Required work
Search the entries for the word "shows". Copy every line that holds it.

Dataset entries
lemma skew_code_rho_parametrization:
  defines "enc \<equiv> \<lambda>w. vec n (coeff ((\<Sum>j<n - degree h. monom (w $ j) j) \<star> rho_l \<theta> h))"
  shows "inj_on enc (carrier_vec (n - degree h))" and "enc ` carrier_vec (n - degree h) \<subseteq> skew_code \<theta> n (rho_l \<theta> h)"
proof -
  show "enc ` carrier_vec (n - degree h) \<subseteq> skew_code \<theta> n (rho_l \<theta> h)"
    unfolding enc_def skew_code_def using degree_sum_monom_skew_mult_rho by blast
  show "inj_on enc (carrier_vec (n - degree h))"
  proof (rule inj_onI)
    fix w1 w2 :: "'a vec"
    assume w: "w1 \<in> carrier_vec (n - degree h)" "w2 \<in> carrier_vec (n - degree h)" and "enc w1 = enc w2"
    then have "coeff ((\<Sum>j<n - degree h. monom (w1 $ j) j) \<star> rho_l \<theta> h) t =
        coeff ((\<Sum>j<n - degree h. monom (w2 $ j) j) \<star> rho_l \<theta> h) t" for t
      using degree_sum_monom_skew_mult_rho [of "\<lambda>j. w1 $ j"] degree_sum_monom_skew_mult_rho [of "\<lambda>j. w2 $ j"]
      unfolding enc_def by (cases "t < n") (auto simp: vec_eq_iff coeff_eq_0)
    then have "(\<Sum>j<n - degree h. monom (w1 $ j) j) \<star> rho_l \<theta> h =
        (\<Sum>j<n - degree h. monom (w2 $ j) j) \<star> rho_l \<theta> h"
      by (rule poly_eqI)
    then have "(\<Sum>j<n - degree h. monom (w1 $ j) j) = (\<Sum>j<n - degree h. monom (w2 $ j) j)"
      using rho_l_nonzero [OF factors_nonzero(1)] by (simp add: skew_mult_cancel_right)
    then have coeff_eq: "coeff (\<Sum>j<n - degree h. monom (w1 $ j) j) j =
        coeff (\<Sum>j<n - degree h. monom (w2 $ j) j) j" for j
      by simp
    show "w1 = w2"
    proof (rule eq_vecI)
      fix j assume "j < dim_vec w2"
      then have "j < n - degree h"
        using w by simp
      with coeff_eq [of j] show "w1 $ j = w2 $ j"
        by (simp add: coeff_sum_monom_lessThan)
    qed (use w in simp)
  qed
qed

end

lemma finite_carrier_vec: "finite (carrier_vec m :: 'a::finite vec set)"
proof -
  have "carrier_vec m \<subseteq> vec_of_list ` {xs :: 'a list. set xs \<subseteq> UNIV \<and> length xs = m}"
    by (auto simp: vec_list intro!: image_eqI [of _ _ "list_of_vec _"])
  moreover have "finite {xs :: 'a list. set xs \<subseteq> UNIV \<and> length xs = m}"
    by (rule finite_lists_length_eq) simp
  ultimately show ?thesis
    by (meson finite_imageI finite_subset)
qed

lemma dual_skew_code:
  fixes \<theta> :: "'a::{finite,field} \<Rightarrow> 'a"
  assumes "skew_factorization \<theta> n a g h"
  shows "dual_code n (skew_code \<theta> n g) = skew_code \<theta> n (rho_l \<theta> h)"
proof -
  interpret skew_factorization \<theta> n a g h
    by (fact assms)
  let ?C = "dual_code n (skew_code \<theta> n g)" and ?D = "skew_code \<theta> n (rho_l \<theta> h)"
  have fin: "finite ?C"
    by (rule finite_subset [OF _ finite_carrier_vec]) (auto simp: dual_code_def)
  have "card ?C \<le> card (carrier_vec (n - degree h) :: 'a vec set)"
    by (rule card_inj_on_le [OF inj_on_dual_code_tail _ finite_carrier_vec]) auto
  also have "\<dots> \<le> card ?D"
    by (rule card_inj_on_le [OF skew_code_rho_parametrization finite_subset])
      (rule skew_code_rho_orthogonal fin)+
  finally show ?thesis
    using card_seteq [OF fin skew_code_rho_orthogonal] by simp
qed

theorem theorem6p6:
  fixes \<theta> :: "'a::{finite,field} \<Rightarrow> 'a" and n :: nat and a :: 'a and g h :: "'a poly"
  assumes aut: "field_aut \<theta>"
    and npos: "0 < n"
    and nid: "\<theta> ^^ n = id"
    and a0: "a \<noteq> 0"
    and afix: "\<theta> a = a"
    and fact: "xn_minus n a = skew_mult \<theta> h g"
  shows "
    ((\<forall>X\<in>SS \<theta> n a. \<forall>Y\<in>SS \<theta> n a.
        Mmat \<theta> n a (sadd \<theta> n a X Y) = Mmat \<theta> n a X + Mmat \<theta> n a Y
      \<and> Mmat \<theta> n a (smul \<theta> n a X Y) = Mmat \<theta> n a X * Mmat \<theta> n a Y)
     \<and> Mmat \<theta> n a (scls \<theta> n a 1) = 1\<^sub>m n
     \<and> inj_on (Mmat \<theta> n a) (SS \<theta> n a)) \<and>
    (xn_minus n a = skew_mult \<theta> g h) \<and>
    (Mmat \<theta> n a (scls \<theta> n a g) * Mmat \<theta> n a (scls \<theta> n a h) = 0\<^sub>m n n
     \<and> Mmat \<theta> n a (scls \<theta> n a h) * Mmat \<theta> n a (scls \<theta> n a g) = 0\<^sub>m n n) \<and>
    ((\<forall>f. sact_r \<theta> n a (scls \<theta> n a f) h = scls \<theta> n a (skew_mult \<theta> f h))
     \<and> (\<forall>X\<in>SS \<theta> n a. \<forall>Y\<in>SS \<theta> n a. \<forall>r.
          sact_r \<theta> n a (sadd \<theta> n a X Y) h = sadd \<theta> n a (sact_r \<theta> n a X h) (sact_r \<theta> n a Y h)
        \<and> sact_r \<theta> n a (sact \<theta> n a r X) h = sact \<theta> n a r (sact_r \<theta> n a X h))
     \<and> {X \<in> SS \<theta> n a. sact_r \<theta> n a X h = scls \<theta> n a 0} = {sact \<theta> n a r (scls \<theta> n a g) | r. True}
     \<and> {sact \<theta> n a r (scls \<theta> n a g) | r. True}
         = ann_l \<theta> n a {smul \<theta> n a (scls \<theta> n a h) T | T. T \<in> SS \<theta> n a}) \<and>
    ((\<forall>f. sact_r \<theta> n a (scls \<theta> n a f) g = scls \<theta> n a (skew_mult \<theta> f g))
     \<and> (\<forall>X\<in>SS \<theta> n a. \<forall>Y\<in>SS \<theta> n a. \<forall>r.
          sact_r \<theta> n a (sadd \<theta> n a X Y) g = sadd \<theta> n a (sact_r \<theta> n a X g) (sact_r \<theta> n a Y g)
        \<and> sact_r \<theta> n a (sact \<theta> n a r X) g = sact \<theta> n a r (sact_r \<theta> n a X g))
     \<and> {X \<in> SS \<theta> n a. sact_r \<theta> n a X g = scls \<theta> n a 0} = {sact \<theta> n a r (scls \<theta> n a h) | r. True}
     \<and> {sact \<theta> n a r (scls \<theta> n a h) | r. True}
         = ann_l \<theta> n a {smul \<theta> n a (scls \<theta> n a g) T | T. T \<in> SS \<theta> n a}) \<and>
    ((\<forall>f. sact \<theta> n a h (scls \<theta> n a f) = scls \<theta> n a (skew_mult \<theta> h f))
     \<and> (\<forall>X\<in>SS \<theta> n a. \<forall>Y\<in>SS \<theta> n a. \<forall>r.
          sact \<theta> n a h (sadd \<theta> n a X Y) = sadd \<theta> n a (sact \<theta> n a h X) (sact \<theta> n a h Y)
        \<and> sact \<theta> n a h (sact_r \<theta> n a X r) = sact_r \<theta> n a (sact \<theta> n a h X) r)
     \<and> {X \<in> SS \<theta> n a. sact \<theta> n a h X = scls \<theta> n a 0}
         = {smul \<theta> n a (scls \<theta> n a g) T | T. T \<in> SS \<theta> n a}
     \<and> {smul \<theta> n a (scls \<theta> n a g) T | T. T \<in> SS \<theta> n a}
         = ann_r \<theta> n a {smul \<theta> n a T (scls \<theta> n a h) | T. T \<in> SS \<theta> n a}) \<and>
    ((\<forall>f. sact \<theta> n a g (scls \<theta> n a f) = scls \<theta> n a (skew_mult \<theta> g f))
     \<and> (\<forall>X\<in>SS \<theta> n a. \<forall>Y\<in>SS \<theta> n a. \<forall>r.
          sact \<theta> n a g (sadd \<theta> n a X Y) = sadd \<theta> n a (sact \<theta> n a g X) (sact \<theta> n a g Y)
        \<and> sact \<theta> n a g (sact_r \<theta> n a X r) = sact_r \<theta> n a (sact \<theta> n a g X) r)
     \<and> {X \<in> SS \<theta> n a. sact \<theta> n a g X = scls \<theta> n a 0}
         = {smul \<theta> n a (scls \<theta> n a h) T | T. T \<in> SS \<theta> n a}
     \<and> {smul \<theta> n a (scls \<theta> n a h) T | T. T \<in> SS \<theta> n a}
         = ann_r \<theta> n a {smul \<theta> n a T (scls \<theta> n a g) | T. T \<in> SS \<theta> n a}) \<and>
    (dual_code n (sv \<theta> n a ` {sact \<theta> n a r (scls \<theta> n a g) | r. True})
       = sv \<theta> n (inverse a) ` {sact \<theta> n (inverse a) r (scls \<theta> n (inverse a) (rho_l \<theta> h)) | r. True})"
proof -
  interpret skew_factorization \<theta> n a g h
    by unfold_locales (use aut npos nid afix a0 fact in simp_all)
  interpret inverse: skew_quotient \<theta> n "inverse a"
    by (rule inverse_quotient)
  have swap: "xn_minus n a = skew_mult \<theta> g h"
    by (rule factorization_swap)
  have dual: "dual_code n (sv \<theta> n a ` {sact \<theta> n a r (scls \<theta> n a g) | r. True}) =
      sv \<theta> n (inverse a) ` {sact \<theta> n (inverse a) r (scls \<theta> n (inverse a) (rho_l \<theta> h)) | r. True}"
    by (simp only: sv_left_ideal [OF fact] inverse.sv_left_ideal [OF xn_minus_inverse_factor]
        dual_skew_code [OF skew_factorization_axioms])
  show ?thesis
    by (intro conjI ballI allI)
      (simp_all add: swap dual [simplified] Mmat_sadd Mmat_smul Mmat_scls_1 inj_on_Mmat
        sact_r_sadd sact_sadd sact_r_sact
        Mmat_factors_mult_eq_0 [OF swap] Mmat_factors_mult_eq_0 [OF fact]
        kernel_sact_r [OF swap] kernel_sact_r [OF fact] kernel_sact [OF swap] kernel_sact [OF fact]
        ann_l_right_ideal ann_r_left_ideal)
qed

Answer space
  shows "inj_on enc (carrier_vec (n - degree h))" and "enc ` carrier_vec (n - degree h) \<subseteq> skew_code \<theta> n (rho_l \<theta> h)"
  shows "dual_code n (skew_code \<theta> n g) = skew_code \<theta> n (rho_l \<theta> h)"
  shows "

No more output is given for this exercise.